Any mission to God’s people, and to the world beyond, can begin only when the Holy Spirit acts. Until then, we must wait and pray, and watch for the signs that God is on the move.

Since time immemorial this has presented us humans with two difficulties. The first is the we become impatient, and try to get on with it ourselves. How many sides of A4 have been written describing what God might do if only we wrote the right mission statement and started the action and made inspirational plans? But Psalm 127 reminds us that “Unless the Lord builds the house, its builders labour in vain” and “in vain you rise up early and stay up late...”. Ours is not an new problem.

The second difficulty we face is that, when the Holy Spirit does begin to work, we don’t recognise it, because the Holy Spirit specialises in doing something new, something we didn’t quite expect – even though the signs were there all along. When Herod learned from the wise men that God was in action and the great king was born, he summoned all the religious leaders and asked where this birth must have taken place. And they put their learned heads together and came up with the right answer – Bethlehem. But it seems that not one of them bothered to go there to see for themselves. And so it was left to humble shepherds to see the angels proclaiming the holy birth, and wise men from far away to notice the star and follow where it led.

When Jesus was filled with the Holy Spirit at his baptism, and came announcing that the Kingdom of God was now knocking at the door, fishermen heard and responded, while the religious leaders denounced it all as dangerous nonsense.

The Holy Spirit does something new and unexpected in Mary, and in Jesus, and the religious people can’t cope with it. It doesn’t fit their traditions, their understanding of the scriptures, their expectations. And so the religious establishment writes off the work of the Holy Spirit as clearly a mistake – some sort of computer error! Sadly, religion doesn’t seem to change much. It’s just happened again at the Church of England’s General Synod. The Holy Spirit has manifestly called women to priestly ministry with all that involves in terms of responsibility, and holy people say ‘No, no – that’s impossible! It doesn’t fit our traditions, our understanding of the scriptures, our expectations! That can’t be right!’ But the Holy Spirit blows a fresh wind – always the wind of change – where he will, and either we feel his holy breath and respond, or we dismiss it all as an aberration.
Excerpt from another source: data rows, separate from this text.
lemma crq_objective_diff:
  fixes A :: "real^'n^'n" and C :: "real^'m^'n"
  assumes "transpose A = A" and "crq_feasible C b v" and "crq_stationary A C v lam"
    and "crq_feasible C b w"
  shows "w \<bullet> (A *v w) - v \<bullet> (A *v v) = shifted_form A lam (w - v)"
proof -
  have "transpose C *v (w - v) = 0"
    using assms(2,4)
    by (simp add: crq_feasible_def matrix_vector_mult_diff_distrib del: transpose_matrix_vector)
  then have "(w - v) \<bullet> (A *v v) - lam * ((w - v) \<bullet> v) = 0"
    using assms(3) by (simp add: crq_stationary_def del: transpose_matrix_vector)
  moreover have "shifted_form A lam w = shifted_form A lam v
      + 2 * ((w - v) \<bullet> (A *v v) - lam * ((w - v) \<bullet> v)) + shifted_form A lam (w - v)"
    using shifted_form_add[OF assms(1), of lam v 1 "w - v"] by simp
  ultimately show ?thesis
    using assms(2,4) by (simp add: shifted_form_def crq_feasible_def)
qed

lemma crq_stationary_unique:
  fixes A :: "real^'n^'n" and C :: "real^'m^'n"
  assumes "rank C = CARD('m)" and "norm (n0_vec C b) < 1" and "crq_feasible C b v"
    and "crq_stationary A C v lam" and "crq_stationary A C v lam'"
  shows "lam = lam'"
proof -
  define u where "u = v - n0_vec C b"
  have u: "transpose C *v u = 0" "u \<bullet> u = (gam C b)\<^sup>2"
    using assms(3) crq_feasible_iff[OF assms(1,2)] by (simp_all add: u_def)
  have "u \<bullet> v = (gam C b)\<^sup>2"
    using inner_n0_vec_null[OF u(1)] u(2) by (simp add: u_def inner_diff_right)
  moreover have "lam * (u \<bullet> v) = lam' * (u \<bullet> v)"
    using assms(4,5) u(1) unfolding crq_stationary_def by metis
  ultimately show ?thesis
    using gam_squared(2)[OF assms(2)] by simp
qed

lemma crq_feasible_rotate:
  fixes C :: "real^'m^'n"
  assumes "rank C = CARD('m)" and "norm (n0_vec C b) < 1" and "crq_feasible C b v"
    and "transpose C *v w = 0" and "w \<bullet> (v - n0_vec C b) = 0"
    and "w \<bullet> w = (v - n0_vec C b) \<bullet> (v - n0_vec C b)"
  shows "crq_feasible C b (v + (cos t - 1) *\<^sub>R (v - n0_vec C b) + sin t *\<^sub>R w)"
proof -
  define u where "u = v - n0_vec C b"
  have u: "transpose C *v u = 0" "u \<bullet> u = (gam C b)\<^sup>2"
    using assms(3) crq_feasible_iff[OF assms(1,2)] by (simp_all add: u_def)
  have "(cos t *\<^sub>R u + sin t *\<^sub>R w) \<bullet> (cos t *\<^sub>R u + sin t *\<^sub>R w)
      = (cos t)\<^sup>2 * (u \<bullet> u) + (sin t)\<^sup>2 * (u \<bullet> u)"
    using assms(5,6) unfolding u_def[symmetric]
    by (simp add: inner_add_left inner_add_right inner_commute power2_eq_square)
  also have "\<dots> = (gam C b)\<^sup>2"
    using u(2) by (simp flip: distrib_right)
  finally have norm: "(cos t *\<^sub>R u + sin t *\<^sub>R w) \<bullet> (cos t *\<^sub>R u + sin t *\<^sub>R w) = (gam C b)\<^sup>2" .
  have null: "transpose C *v (cos t *\<^sub>R u + sin t *\<^sub>R w) = 0"
    using u(1) assms(4)
    by (simp add: matrix_vector_right_distrib matrix_vector_mult_scaleR del: transpose_matrix_vector)
  have "v + (cos t - 1) *\<^sub>R u + sin t *\<^sub>R w - n0_vec C b = cos t *\<^sub>R u + sin t *\<^sub>R w"
    by (simp add: u_def algebra_simps)
  then show ?thesis
    unfolding crq_feasible_iff[OF assms(1,2)] u_def[symmetric] using norm null by (simp only:)
qed

lemma crq_minimizer_tangent:
  fixes A :: "real^'n^'n" and C :: "real^'m^'n"
  assumes "transpose A = A" and "rank C = CARD('m)" and "norm (n0_vec C b) < 1"
    and "crq_minimizer A C b v" and "transpose C *v w = 0" and "w \<bullet> (v - n0_vec C b) = 0"
  shows "w \<bullet> (A *v v) = 0"
proof (cases "w = 0")
  case False
  define u where "u = v - n0_vec C b"
  define k where "k = norm u / norm w"
  define w' where "w' = k *\<^sub>R w"
  have u: "transpose C *v u = 0" "u \<bullet> u = (gam C b)\<^sup>2"
    using assms(4) crq_feasible_iff[OF assms(2,3)] by (simp_all add: u_def crq_minimizer_def)
  then have "k \<noteq> 0"
    using False gam_squared(2)[OF assms(3)] by (auto simp: k_def)
  have "transpose C *v w' = 0" and "w' \<bullet> u = 0" and "w' \<bullet> w' = u \<bullet> u"
    using assms(5,6) False
    by (simp_all add: w'_def k_def u_def matrix_vector_mult_scaleR power2_norm_eq_inner[symmetric]
        power_divide del: transpose_matrix_vector)
  then have feasible: "crq_feasible C b (v + (cos t - 1) *\<^sub>R u + sin t *\<^sub>R w')" for t
    using assms(4) crq_feasible_rotate[OF assms(2,3), of v w' t]
    by (simp add: u_def crq_minimizer_def)
  define \<phi> where "\<phi> t = shifted_form A 0 (v + (cos t - 1) *\<^sub>R u + sin t *\<^sub>R w')" for t
  have min: "\<phi> 0 \<le> \<phi> t" for t
    using assms(4) feasible[of t] by (simp add: \<phi>_def shifted_form_def crq_minimizer_def)
  have "\<phi> = (\<lambda>t. shifted_form A 0 v + 2 * (cos t - 1) * (u \<bullet> (A *v v))
      + (cos t - 1)\<^sup>2 * shifted_form A 0 u
      + 2 * sin t * (w' \<bullet> (A *v v) + (cos t - 1) * (w' \<bullet> (A *v u)))
      + (sin t)\<^sup>2 * shifted_form A 0 w')"
    by (simp add: \<phi>_def fun_eq_iff shifted_form_add[OF assms(1)] matrix_vector_right_distrib
        matrix_vector_mult_scaleR inner_add_right)
  then have "(\<phi> has_real_derivative 2 * (w' \<bullet> (A *v v))) (at 0)"
    by (auto intro!: derivative_eq_intros)
  then have "2 * (w' \<bullet> (A *v v)) = 0"
    by (rule DERIV_local_min[OF _ zero_less_one]) (simp add: min)
  then show ?thesis
    using \<open>k \<noteq> 0\<close> by (simp add: w'_def)
qed simp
And we hear Jesus, as in Mark 7: 7,8 (quoting Isaiah) ‘These people honour me with their lips, but their hearts are far from me; they worship me in vain; their teachings are but rules taught by men.’ And Jesus adds: ‘You have let go of the commands of God and are holding on to the traditions of men.’
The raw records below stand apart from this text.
lemma has_real_derivative_if_quadratic_remainder:
  fixes f :: "real \<Rightarrow> real"
  assumes "\<delta> > 0" and rem: "\<And>h. \<bar>h\<bar> \<le> \<delta> \<Longrightarrow> \<bar>f (x + h) - f x - h * D\<bar> \<le> M * h\<^sup>2"
  shows "(f has_real_derivative D) (at x)"
  unfolding DERIV_def
proof (rule LIM_zero_cancel, rule Lim_null_comparison)
  have "\<forall>\<^sub>F h in at 0. h \<noteq> 0 \<and> \<bar>h\<bar> < \<delta>"
    using \<open>\<delta> > 0\<close> by (auto simp: eventually_at dist_real_def intro!: exI[of _ \<delta>])
  thus "\<forall>\<^sub>F h in at 0. norm ((f (x + h) - f x) / h - D) \<le> \<bar>M\<bar> * \<bar>h\<bar>"
  proof (rule eventually_mono)
    fix h :: real assume h: "h \<noteq> 0 \<and> \<bar>h\<bar> < \<delta>"
    have "\<bar>(f (x + h) - f x) / h - D\<bar> = \<bar>f (x + h) - f x - h * D\<bar> / \<bar>h\<bar>"
      using h by (simp add: abs_divide[symmetric] diff_divide_distrib)
    also have "\<dots> \<le> M * h\<^sup>2 / \<bar>h\<bar>" using rem[of h] h by (simp add: divide_right_mono)
    also have "\<dots> = M * \<bar>h\<bar>"
      using h by (simp add: field_simps power2_eq_square)
    also have "\<dots> \<le> \<bar>M\<bar> * \<bar>h\<bar>" by (simp add: mult_right_mono)
    finally show "norm ((f (x + h) - f x) / h - D) \<le> \<bar>M\<bar> * \<bar>h\<bar>" by simp
  qed
  show "((\<lambda>h. \<bar>M\<bar> * \<bar>h\<bar>) \<longlongrightarrow> 0) (at 0)"
    by (auto intro!: tendsto_eq_intros)
qed

lemma tendsto_integral_Icc_at_top:
  fixes f :: "real \<Rightarrow> real"
  assumes "f absolutely_integrable_on {a..}"
  shows "((\<lambda>b. integral {a..b} f) \<longlongrightarrow> integral {a..} f) at_top"
proof -
  have "((\<lambda>b. set_lebesgue_integral lebesgue {a..b} f) \<longlongrightarrow> set_lebesgue_integral lebesgue {a..} f) at_top"
    by (rule tendsto_set_lebesgue_integral_at_top[OF _ assms]) auto
  moreover have "set_lebesgue_integral lebesgue {a..b} f = integral {a..b} f" for b
    by (rule set_lebesgue_integral_eq_integral(2)[OF set_integrable_subset[OF assms]]) auto
  ultimately show ?thesis using set_lebesgue_integral_eq_integral(2)[OF assms] by simp
qed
Contrast Peter, described in Acts 10, when the Holy Spirit takes him to Caesarea and confronts him with the Roman centurion Cornelius, and presents him with clear evidence that the Holy Spirit has fallen on Gentiles as well as Jews. And Peter accepts the evidence of his own eyes and baptises Cornelius and his household. How far would the Christian mission have got if Peter had responded by saying ‘No, no, this is not possible – it’s against the rules and traditions?’

The Holy Spirit blows where he wills, Jesus tells us (John 3: 8). He blew the breath of life upon Mary, and – probably not being hampered by too much religion – she listened and accepted the angel’s message, and went on to celebrate in words that have rung round the world for 2000 years -  that God has honoured the humble and those who are open to his word, and brought down the proud, the hypocritical, and the self-important – those who think beyond any doubt that they are certainly right.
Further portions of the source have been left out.